DESIGN OF POTENTIAL CYCLOOXYGENASE INHIBITORS USING PHARMACOPHORE OPTIMIZATION BY MOLECULAR MODELING STUDIES

Recently discovery of relation between cyclooxygenase–2 (COX–2) inhibition and prevention of growth of cansar cells is a major area for research in medicinal chemistry, as it is free from side effects which are genetically shown by developed anticancer agents. In an attempt to develop potent and nontoxic COX–2 inhibitors, we have optimized the 1,5- diaryl pyrazole pharmacophore by using molecular modeling studies. In this paper we present results of 2D and 3D QSAR studies of a series of 22 molecules containing 1,5- diaryl pyrazole pharmacophore as selective COX–2 inhibitors. The 3D QSAR studies were performed using two different methods, stepwise variable selection k–nearest neighbor molecular field analysis (SW kNN–MFA) and simulated annealing k–nearest neighbor molecular field analysis (SA kNN–MFA) methods.

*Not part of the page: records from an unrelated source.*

lemma closed_one_colored:
  assumes "hd xs = last xs" "u \<in> colored_vertices c (butlast xs)"
  shows "colored_vertices c (butlast xs) = {u}"
proof -
  let ?t = "butlast xs"
  have "u \<in> set ?t" "c u \<noteq> None" using assms(2) by (simp_all add: colored_vertices_def)
  then obtain ys zs where t: "?t = ys @ u # zs" using split_list by metis
  \<comment> \<open>Rotated to start at \<open>u\<close>, the cycle has all its other vertices in its interior.\<close>
  interpret rotated: shortest_conflicting_walk V E c "(u # zs) @ ys @ [u]"
    using rotate_closed[OF assms(1), of ys "u # zs"] t by simp
  have "v = u" if "v \<in> set ?t" "c v \<noteq> None" for v
  proof (rule ccontr)
    assume "v \<noteq> u"
    then have "v \<in> set (zs @ ys)" using that(1) t by auto
    then obtain as bs where "zs @ ys = as @ v # bs" using split_list by metis
    then have "(u # zs) @ ys @ [u] = (u # as) @ v # (bs @ [u])" by simp
    then show False
      using rotated.interior_uncolored[of "u # as" v "bs @ [u]"] \<open>c u \<noteq> None\<close> that(2) by simp
  qed
  then show ?thesis using assms(2) by (auto simp: colored_vertices_def)
qed

lemma open_colored:
  assumes "hd xs \<noteq> last xs"
  shows "colored_vertices c xs = {hd xs, last xs}" "c (hd xs) \<noteq> None" "c (last xs) \<noteq> None"
proof -
  show ends: "c (hd xs) \<noteq> None" "c (last xs) \<noteq> None" using conflict assms by (auto simp: conflict_def)
  have only_ends: "v = hd xs \<or> v = last xs" if "v \<in> set xs" "c v \<noteq> None" for v
  proof (rule ccontr)
    assume interior: "\<not> (v = hd xs \<or> v = last xs)"
    obtain ys zs where xs: "xs = ys @ v # zs" using \<open>v \<in> set xs\<close> split_list by metis
    have "ys \<noteq> []" using interior xs by (cases ys) auto
    moreover have "zs \<noteq> []" using interior xs by (cases zs) auto
    ultimately show False using interior_uncolored[OF xs] ends \<open>c v \<noteq> None\<close> by blast
  qed
  have "hd xs \<in> set xs" "last xs \<in> set xs" using walk by (simp_all add: walk_def)
  then show "colored_vertices c xs = {hd xs, last xs}"
    unfolding colored_vertices_def using ends only_ends by blast
qed

lemma open_distinct:
  assumes "hd xs \<noteq> last xs"
  shows "distinct xs"
proof (rule ccontr)
  assume "\<not> distinct xs"
  then obtain as v bs cs where xs: "xs = as @ [v] @ bs @ [v] @ cs"
    using not_distinct_decomp by blast
  then have "as = [] \<and> cs = []" using repeated_vertex_at_ends by simp
  then show False using xs assms by simp
qed

lemma open_no_chord:
  assumes "hd xs \<noteq> last xs" "i < j" "j < length xs" "E (xs ! i) (xs ! j)"
  shows "j = i + 1 \<or> i = 0 \<and> j = length xs - 1"
proof -
  obtain as bs cs where xs: "xs = as @ xs ! i # bs @ xs ! j # cs"
    and len: "length as = i" "length bs = j - Suc i" "length cs = length xs - Suc j"
    using split_list_at_two_positions[OF assms(2,3)] by blast
  show ?thesis
  proof (cases "bs = []")
    case False
    then have "as = [] \<and> cs = []" using chord_at_ends[OF xs] assms(1,4) by blast
    then show ?thesis using len assms(2,3) by auto
  qed (use len assms(2) in auto)
qed

lemma open_induced_path:
  assumes "hd xs \<noteq> last xs" "\<not> E (hd xs) (last xs)"
  shows "induced_path V E xs"
proof (rule induced_pathI[OF walk open_distinct[OF assms(1)] set_subset symp irreflexive])
  fix i j assume ij: "i < j" "j < length xs" "E (xs ! i) (xs ! j)"
  have "xs ! 0 = hd xs" "xs ! (length xs - 1) = last xs"
    using walk by (simp_all add: walk_def hd_conv_nth last_conv_nth)
  then show "j = i + 1" using open_no_chord[OF assms(1) ij] ij(3) assms(2) by auto
qed

lemma open_induced_cycle:
  assumes "proper_partial_2col V E c" "hd xs \<noteq> last xs" "E (hd xs) (last xs)"
  shows "induced_cycle V E xs" "odd (length xs)"
proof -
  have "c (hd xs) \<noteq> c (last xs)"
    using assms open_colored(2,3)[OF assms(2)] by (simp add: proper_partial_2col_def)
  moreover have "xs \<noteq> []" using walk by (simp add: walk_def)
  ultimately show odd: "odd (length xs)" using conflict by (simp add: conflict_def)
  then have "3 \<le> length xs" using length_ge_2 by presburger
  moreover have "walk E (xs @ [hd xs])"
    using walk_join[OF walk, of "[last xs, hd xs]"] assms(3) symp by (simp add: symp_def)
  ultimately show "induced_cycle V E xs"
    using induced_cycleI open_distinct[OF assms(2)] set_subset symp irreflexive
      open_no_chord[OF assms(2)] by blast
qed

lemma obstruction:
  assumes "proper_partial_2col V E c"
  shows "obstruction V E c"
proof (cases "hd xs = last xs")
  case True
  note cycle = closed_induced_cycle[OF True]
  show ?thesis
  proof (cases "colored_vertices c (butlast xs) = {}")
    case False
    then obtain u where "u \<in> colored_vertices c (butlast xs)" by blast
    then have "card (colored_vertices c (butlast xs)) = 1" by (simp add: closed_one_colored[OF True])
    then show ?thesis using cycle unfolding obstruction_def by blast
  qed (use cycle in \<open>auto simp: obstruction_def\<close>)
next
  case False
  note ends = open_colored[OF False]
  show ?thesis
  proof (cases "E (hd xs) (last xs)")
    case True
    let ?i = "length xs - 1"
    have "?i < length xs" "xs ! ?i = last xs" "xs ! ((?i + 1) mod length xs) = hd xs"
      using walk by (simp_all add: walk_def hd_conv_nth last_conv_nth)
    then have "colored_vertices c xs = {xs ! ?i, xs ! ((?i + 1) mod length xs)}"
      "?i < length xs" using ends(1) by auto
    then show ?thesis using open_induced_cycle[OF assms False True]
      unfolding obstruction_def by blast
  next
    case nonadjacent: False
    then show ?thesis using open_induced_path[OF False nonadjacent] ends conflict
      unfolding obstruction_def conflict_def by blast
  qed
qed

end

lemma conflicting_walk_iff_obstruction:
  assumes "simple_graph V E" "proper_partial_2col V E c"
  shows "(\<exists>xs. conflicting_walk E c xs) \<longleftrightarrow> obstruction V E c"
proof
  assume "\<exists>xs. conflicting_walk E c xs"
  then obtain xs where "shortest_conflicting_walk V E c xs"
    using conflicting_walk_imp_shortest[OF assms(1)] by blast
  then show "obstruction V E c" using shortest_conflicting_walk.obstruction assms(2) by blast
qed (rule obstruction_imp_conflicting_walk)

theorem mainTheorem1:
  fixes V :: "'a set" and E :: "'a \<Rightarrow> 'a \<Rightarrow> bool" and c :: "'a \<Rightarrow> bool option"
  assumes "simple_graph V E" and "connected_graph V E" and "proper_partial_2col V E c"
  shows "extends_to_proper_2col V E c \<longleftrightarrow>
    (\<not> (\<exists>xs. induced_path V E xs \<and> even (length xs - 1)
           \<and> colored_vertices c xs = {hd xs, last xs}
           \<and> c (hd xs) \<noteq> None \<and> c (last xs) \<noteq> None \<and> c (hd xs) \<noteq> c (last xs)))
  \<and> (\<not> (\<exists>xs. induced_path V E xs \<and> odd (length xs - 1)
           \<and> colored_vertices c xs = {hd xs, last xs}
           \<and> c (hd xs) \<noteq> None \<and> c (last xs) \<noteq> None \<and> c (hd xs) = c (last xs)))
  \<and> (\<not> (\<exists>xs. induced_cycle V E xs \<and> odd (length xs) \<and> colored_vertices c xs = {}))
  \<and> (\<not> (\<exists>xs. induced_cycle V E xs \<and> odd (length xs) \<and> card (colored_vertices c xs) = 1))
  \<and> (\<not> (\<exists>xs i. induced_cycle V E xs \<and> odd (length xs) \<and> i < length xs
           \<and> colored_vertices c xs = {xs!i, xs!((i+1) mod length xs)}))"
proof -
  have "extends_to_proper_2col V E c \<longleftrightarrow> \<not> obstruction V E c"
    using extension_iff_no_conflicting_walk[OF assms(1,2)] conflicting_walk_iff_obstruction[OF assms(1,3)]
    by blast
  then show ?thesis unfolding obstruction_def de_Morgan_disj .
qed

end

The 2D QSAR studies were performed using multiple regressions. 3D QSAR studies produced reasonably good predictive models with high cross–validated r2cv value of 0.732 and 0.783 and predicted r2 value of 0.882 and 0.794 values using the models SW kNN–MFA and SA kNN–MFA method, respectively, whereas the r2 & predicted r2 value in 2D QSAR studies was found to be 0.84914 & 0.9157, respectively. the 2D QSAR studies indicated contribution of different physicochemical descriptors and the result of 3D QSAR studies indicated the exact steric and electronic requirement in the ranges at various positions in the 1,5- diaryl pyrazole pharmacophore. The pharmacophore requirement for selective COX–2 inhibition was optimized and requirement at various positions around 1, 5- diaryl pyrazole pharmacophore were defined.